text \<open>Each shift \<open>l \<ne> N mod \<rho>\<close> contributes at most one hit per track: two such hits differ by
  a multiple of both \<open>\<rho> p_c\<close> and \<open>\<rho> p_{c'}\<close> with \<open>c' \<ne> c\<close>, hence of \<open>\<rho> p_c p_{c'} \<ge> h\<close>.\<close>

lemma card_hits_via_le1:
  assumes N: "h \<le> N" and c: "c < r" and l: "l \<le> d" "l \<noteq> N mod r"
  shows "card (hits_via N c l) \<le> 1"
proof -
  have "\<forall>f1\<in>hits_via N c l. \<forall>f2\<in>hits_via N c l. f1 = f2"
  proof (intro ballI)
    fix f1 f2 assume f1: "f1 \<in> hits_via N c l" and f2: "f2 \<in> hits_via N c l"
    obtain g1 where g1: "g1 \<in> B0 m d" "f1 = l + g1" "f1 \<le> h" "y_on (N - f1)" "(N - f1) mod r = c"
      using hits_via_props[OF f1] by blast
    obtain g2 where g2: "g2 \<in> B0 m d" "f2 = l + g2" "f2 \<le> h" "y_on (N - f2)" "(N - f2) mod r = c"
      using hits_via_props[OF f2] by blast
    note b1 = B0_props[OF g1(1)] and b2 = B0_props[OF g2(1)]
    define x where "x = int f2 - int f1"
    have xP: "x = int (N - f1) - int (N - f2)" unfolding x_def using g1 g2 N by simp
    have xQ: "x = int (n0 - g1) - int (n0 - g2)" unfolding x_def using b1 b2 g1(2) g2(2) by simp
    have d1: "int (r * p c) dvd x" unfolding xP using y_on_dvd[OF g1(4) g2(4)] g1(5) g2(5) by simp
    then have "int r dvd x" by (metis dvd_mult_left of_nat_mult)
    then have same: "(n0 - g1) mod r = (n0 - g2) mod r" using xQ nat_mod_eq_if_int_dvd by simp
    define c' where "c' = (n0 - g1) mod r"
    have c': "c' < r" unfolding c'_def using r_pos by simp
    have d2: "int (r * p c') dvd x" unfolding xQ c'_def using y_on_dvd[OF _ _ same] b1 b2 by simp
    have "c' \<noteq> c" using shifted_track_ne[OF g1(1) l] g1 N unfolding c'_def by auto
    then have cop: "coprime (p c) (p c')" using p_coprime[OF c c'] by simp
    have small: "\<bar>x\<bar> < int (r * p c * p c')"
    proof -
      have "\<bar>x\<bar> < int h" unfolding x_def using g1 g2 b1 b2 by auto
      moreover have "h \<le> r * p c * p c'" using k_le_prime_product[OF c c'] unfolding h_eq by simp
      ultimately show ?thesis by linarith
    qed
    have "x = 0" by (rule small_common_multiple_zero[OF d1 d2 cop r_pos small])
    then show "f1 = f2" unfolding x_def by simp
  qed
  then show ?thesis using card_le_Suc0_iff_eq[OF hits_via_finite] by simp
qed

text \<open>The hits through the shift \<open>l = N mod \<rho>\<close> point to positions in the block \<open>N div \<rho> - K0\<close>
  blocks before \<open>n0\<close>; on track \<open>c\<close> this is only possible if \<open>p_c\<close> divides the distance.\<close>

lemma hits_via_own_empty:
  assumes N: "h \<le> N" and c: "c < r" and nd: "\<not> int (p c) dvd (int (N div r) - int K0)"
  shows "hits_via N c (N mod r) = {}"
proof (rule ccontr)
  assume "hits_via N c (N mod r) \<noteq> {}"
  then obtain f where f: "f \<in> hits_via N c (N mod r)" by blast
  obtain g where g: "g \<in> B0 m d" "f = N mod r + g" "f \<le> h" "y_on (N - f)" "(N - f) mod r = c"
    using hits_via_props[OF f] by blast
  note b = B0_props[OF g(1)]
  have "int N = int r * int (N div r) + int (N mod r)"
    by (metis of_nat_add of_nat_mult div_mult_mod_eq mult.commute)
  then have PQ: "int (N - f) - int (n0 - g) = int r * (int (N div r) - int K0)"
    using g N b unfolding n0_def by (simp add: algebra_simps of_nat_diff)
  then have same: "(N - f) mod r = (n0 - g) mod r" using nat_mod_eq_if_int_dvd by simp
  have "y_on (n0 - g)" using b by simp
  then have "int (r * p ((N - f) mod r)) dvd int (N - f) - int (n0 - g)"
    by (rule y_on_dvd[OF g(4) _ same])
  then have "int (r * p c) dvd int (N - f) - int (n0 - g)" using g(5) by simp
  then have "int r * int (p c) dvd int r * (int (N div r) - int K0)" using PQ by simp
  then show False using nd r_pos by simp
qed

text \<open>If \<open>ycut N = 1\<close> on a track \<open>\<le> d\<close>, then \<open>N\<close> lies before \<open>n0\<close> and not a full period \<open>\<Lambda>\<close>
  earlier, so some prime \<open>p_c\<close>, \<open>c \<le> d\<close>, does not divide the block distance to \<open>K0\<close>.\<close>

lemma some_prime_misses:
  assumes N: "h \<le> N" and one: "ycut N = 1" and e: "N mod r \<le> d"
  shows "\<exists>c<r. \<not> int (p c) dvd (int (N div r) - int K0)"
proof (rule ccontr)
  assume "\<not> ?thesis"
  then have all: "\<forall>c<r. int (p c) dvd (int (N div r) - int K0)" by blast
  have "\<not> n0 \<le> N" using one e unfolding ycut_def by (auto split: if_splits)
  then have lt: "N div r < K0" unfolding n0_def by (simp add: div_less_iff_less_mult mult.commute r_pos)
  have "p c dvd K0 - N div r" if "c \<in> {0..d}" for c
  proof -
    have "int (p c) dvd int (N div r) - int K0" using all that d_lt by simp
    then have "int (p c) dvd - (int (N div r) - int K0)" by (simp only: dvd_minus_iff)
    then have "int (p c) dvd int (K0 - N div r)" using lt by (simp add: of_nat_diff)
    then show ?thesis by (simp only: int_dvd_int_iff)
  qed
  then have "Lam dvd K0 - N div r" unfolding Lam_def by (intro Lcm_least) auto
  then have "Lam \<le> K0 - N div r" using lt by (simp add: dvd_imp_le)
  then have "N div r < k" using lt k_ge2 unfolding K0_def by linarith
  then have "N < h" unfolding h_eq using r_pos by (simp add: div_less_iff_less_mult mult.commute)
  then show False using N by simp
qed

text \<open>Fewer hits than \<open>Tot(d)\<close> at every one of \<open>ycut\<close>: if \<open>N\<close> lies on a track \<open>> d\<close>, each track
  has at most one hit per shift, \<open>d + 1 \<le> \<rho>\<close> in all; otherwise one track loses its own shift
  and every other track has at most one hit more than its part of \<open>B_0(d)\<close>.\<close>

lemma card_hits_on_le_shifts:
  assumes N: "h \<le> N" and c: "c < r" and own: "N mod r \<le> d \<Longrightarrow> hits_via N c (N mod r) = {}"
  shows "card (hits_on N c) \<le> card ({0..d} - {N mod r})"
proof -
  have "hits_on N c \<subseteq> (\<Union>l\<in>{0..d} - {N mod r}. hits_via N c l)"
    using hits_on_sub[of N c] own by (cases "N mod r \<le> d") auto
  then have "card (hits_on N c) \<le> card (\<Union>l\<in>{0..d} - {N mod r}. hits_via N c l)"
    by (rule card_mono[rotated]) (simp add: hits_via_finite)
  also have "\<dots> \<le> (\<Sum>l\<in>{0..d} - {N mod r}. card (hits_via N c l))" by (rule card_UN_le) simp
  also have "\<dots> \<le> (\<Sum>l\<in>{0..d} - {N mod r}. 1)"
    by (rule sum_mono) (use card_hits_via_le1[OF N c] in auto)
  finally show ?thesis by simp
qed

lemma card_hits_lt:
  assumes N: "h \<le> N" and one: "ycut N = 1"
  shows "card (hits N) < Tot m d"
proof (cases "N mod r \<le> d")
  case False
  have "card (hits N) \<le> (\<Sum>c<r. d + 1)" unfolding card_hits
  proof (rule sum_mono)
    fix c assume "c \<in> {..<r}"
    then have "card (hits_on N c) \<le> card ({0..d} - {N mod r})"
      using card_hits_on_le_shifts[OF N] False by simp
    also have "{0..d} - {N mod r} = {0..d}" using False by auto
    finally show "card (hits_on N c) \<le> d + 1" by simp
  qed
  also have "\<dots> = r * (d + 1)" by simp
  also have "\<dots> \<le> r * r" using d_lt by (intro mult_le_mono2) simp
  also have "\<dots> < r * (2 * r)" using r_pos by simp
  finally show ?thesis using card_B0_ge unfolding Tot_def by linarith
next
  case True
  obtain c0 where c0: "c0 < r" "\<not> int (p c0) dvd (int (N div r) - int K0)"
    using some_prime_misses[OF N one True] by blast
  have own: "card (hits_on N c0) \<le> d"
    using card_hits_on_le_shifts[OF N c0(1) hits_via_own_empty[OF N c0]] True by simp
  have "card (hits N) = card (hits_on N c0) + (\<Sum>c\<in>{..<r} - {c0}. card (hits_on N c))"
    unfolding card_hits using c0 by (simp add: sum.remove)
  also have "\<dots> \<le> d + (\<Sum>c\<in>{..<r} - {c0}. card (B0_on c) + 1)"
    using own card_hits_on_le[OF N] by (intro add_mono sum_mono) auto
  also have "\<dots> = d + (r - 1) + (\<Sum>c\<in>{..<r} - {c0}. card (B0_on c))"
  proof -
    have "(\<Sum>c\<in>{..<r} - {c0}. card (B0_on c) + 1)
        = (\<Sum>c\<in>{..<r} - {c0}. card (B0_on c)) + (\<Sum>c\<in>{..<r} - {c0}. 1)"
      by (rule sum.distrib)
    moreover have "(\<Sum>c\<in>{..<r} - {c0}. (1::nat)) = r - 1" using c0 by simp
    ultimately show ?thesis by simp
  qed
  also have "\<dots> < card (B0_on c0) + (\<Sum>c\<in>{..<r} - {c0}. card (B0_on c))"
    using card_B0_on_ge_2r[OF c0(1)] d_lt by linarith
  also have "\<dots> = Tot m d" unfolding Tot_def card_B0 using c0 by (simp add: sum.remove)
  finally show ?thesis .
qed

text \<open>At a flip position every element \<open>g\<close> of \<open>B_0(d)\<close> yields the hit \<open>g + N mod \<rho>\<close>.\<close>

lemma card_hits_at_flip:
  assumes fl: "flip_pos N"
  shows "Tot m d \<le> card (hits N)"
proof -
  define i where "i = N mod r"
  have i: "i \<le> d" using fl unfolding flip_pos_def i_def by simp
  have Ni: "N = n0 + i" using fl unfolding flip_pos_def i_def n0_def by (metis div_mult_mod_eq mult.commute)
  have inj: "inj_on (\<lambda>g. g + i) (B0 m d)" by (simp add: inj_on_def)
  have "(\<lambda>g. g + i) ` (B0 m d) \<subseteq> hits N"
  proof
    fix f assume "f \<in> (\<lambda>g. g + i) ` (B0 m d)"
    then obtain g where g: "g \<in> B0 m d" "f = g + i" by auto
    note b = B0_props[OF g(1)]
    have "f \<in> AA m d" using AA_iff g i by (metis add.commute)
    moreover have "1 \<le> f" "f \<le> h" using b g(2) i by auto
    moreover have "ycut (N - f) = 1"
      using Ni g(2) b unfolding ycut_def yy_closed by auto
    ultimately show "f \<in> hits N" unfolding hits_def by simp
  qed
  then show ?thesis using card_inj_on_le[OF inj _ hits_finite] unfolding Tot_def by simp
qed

· · ·

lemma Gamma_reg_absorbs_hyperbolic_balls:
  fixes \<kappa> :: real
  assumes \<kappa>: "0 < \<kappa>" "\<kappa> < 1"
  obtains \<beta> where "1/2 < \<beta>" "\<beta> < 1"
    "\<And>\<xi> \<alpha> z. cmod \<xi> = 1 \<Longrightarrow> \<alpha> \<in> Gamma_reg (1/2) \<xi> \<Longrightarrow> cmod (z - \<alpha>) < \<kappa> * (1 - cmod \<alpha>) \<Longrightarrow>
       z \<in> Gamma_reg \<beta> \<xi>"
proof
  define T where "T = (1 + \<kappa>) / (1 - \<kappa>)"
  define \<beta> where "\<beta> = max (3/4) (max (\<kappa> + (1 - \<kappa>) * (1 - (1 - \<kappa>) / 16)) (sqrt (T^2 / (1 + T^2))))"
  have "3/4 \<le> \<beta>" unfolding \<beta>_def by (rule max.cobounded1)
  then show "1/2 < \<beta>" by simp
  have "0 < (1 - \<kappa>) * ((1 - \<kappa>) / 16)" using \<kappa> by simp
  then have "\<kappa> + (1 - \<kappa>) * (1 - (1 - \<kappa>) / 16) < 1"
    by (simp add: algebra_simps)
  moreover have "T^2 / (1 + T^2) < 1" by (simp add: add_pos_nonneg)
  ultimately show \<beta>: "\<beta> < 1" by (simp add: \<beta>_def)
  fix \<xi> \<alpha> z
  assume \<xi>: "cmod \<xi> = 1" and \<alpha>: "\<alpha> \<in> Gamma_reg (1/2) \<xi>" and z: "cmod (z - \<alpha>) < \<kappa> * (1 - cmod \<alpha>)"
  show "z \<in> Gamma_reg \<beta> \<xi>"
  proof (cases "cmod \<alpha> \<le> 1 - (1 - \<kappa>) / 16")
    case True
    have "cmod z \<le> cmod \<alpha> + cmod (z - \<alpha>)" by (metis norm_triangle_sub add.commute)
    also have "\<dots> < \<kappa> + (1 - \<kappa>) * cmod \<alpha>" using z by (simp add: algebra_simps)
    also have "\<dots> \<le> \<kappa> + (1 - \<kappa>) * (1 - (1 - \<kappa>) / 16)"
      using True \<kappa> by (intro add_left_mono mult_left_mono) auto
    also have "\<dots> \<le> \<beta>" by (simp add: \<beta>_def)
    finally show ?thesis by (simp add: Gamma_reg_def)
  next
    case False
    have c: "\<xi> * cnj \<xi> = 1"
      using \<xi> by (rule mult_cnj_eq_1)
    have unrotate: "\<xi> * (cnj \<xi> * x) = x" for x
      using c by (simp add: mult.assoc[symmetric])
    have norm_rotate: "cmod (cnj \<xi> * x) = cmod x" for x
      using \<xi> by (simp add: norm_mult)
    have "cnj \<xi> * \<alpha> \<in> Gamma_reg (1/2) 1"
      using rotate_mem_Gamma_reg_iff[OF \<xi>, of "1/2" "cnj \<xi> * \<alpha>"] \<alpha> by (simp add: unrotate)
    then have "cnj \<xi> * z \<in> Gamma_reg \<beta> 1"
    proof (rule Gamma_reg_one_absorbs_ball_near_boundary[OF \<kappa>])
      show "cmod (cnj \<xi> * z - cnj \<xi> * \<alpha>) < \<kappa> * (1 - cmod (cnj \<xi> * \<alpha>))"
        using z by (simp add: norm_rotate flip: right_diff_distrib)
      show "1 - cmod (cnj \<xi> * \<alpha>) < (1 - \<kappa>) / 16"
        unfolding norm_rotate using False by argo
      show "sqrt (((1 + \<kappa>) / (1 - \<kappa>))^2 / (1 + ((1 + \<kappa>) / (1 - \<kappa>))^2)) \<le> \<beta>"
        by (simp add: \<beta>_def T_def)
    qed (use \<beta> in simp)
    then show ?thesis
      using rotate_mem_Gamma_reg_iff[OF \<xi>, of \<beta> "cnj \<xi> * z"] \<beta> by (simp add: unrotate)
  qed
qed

· · ·

= WORK TASK =
Given the records above, reproduce precisely and only the lines between the line holding "c'_def using r_pos by simp" and the line holding "c'] by simp", inclusive.

= SOLUTION TO THIS TASK =
    have c': "c' < r" unfolding c'_def using r_pos by simp
    have d2: "int (r * p c') dvd x" unfolding xQ c'_def using y_on_dvd[OF _ _ same] b1 b2 by simp
    have "c' \<noteq> c" using shifted_track_ne[OF g1(1) l] g1 N unfolding c'_def by auto
    then have cop: "coprime (p c) (p c')" using p_coprime[OF c c'] by simp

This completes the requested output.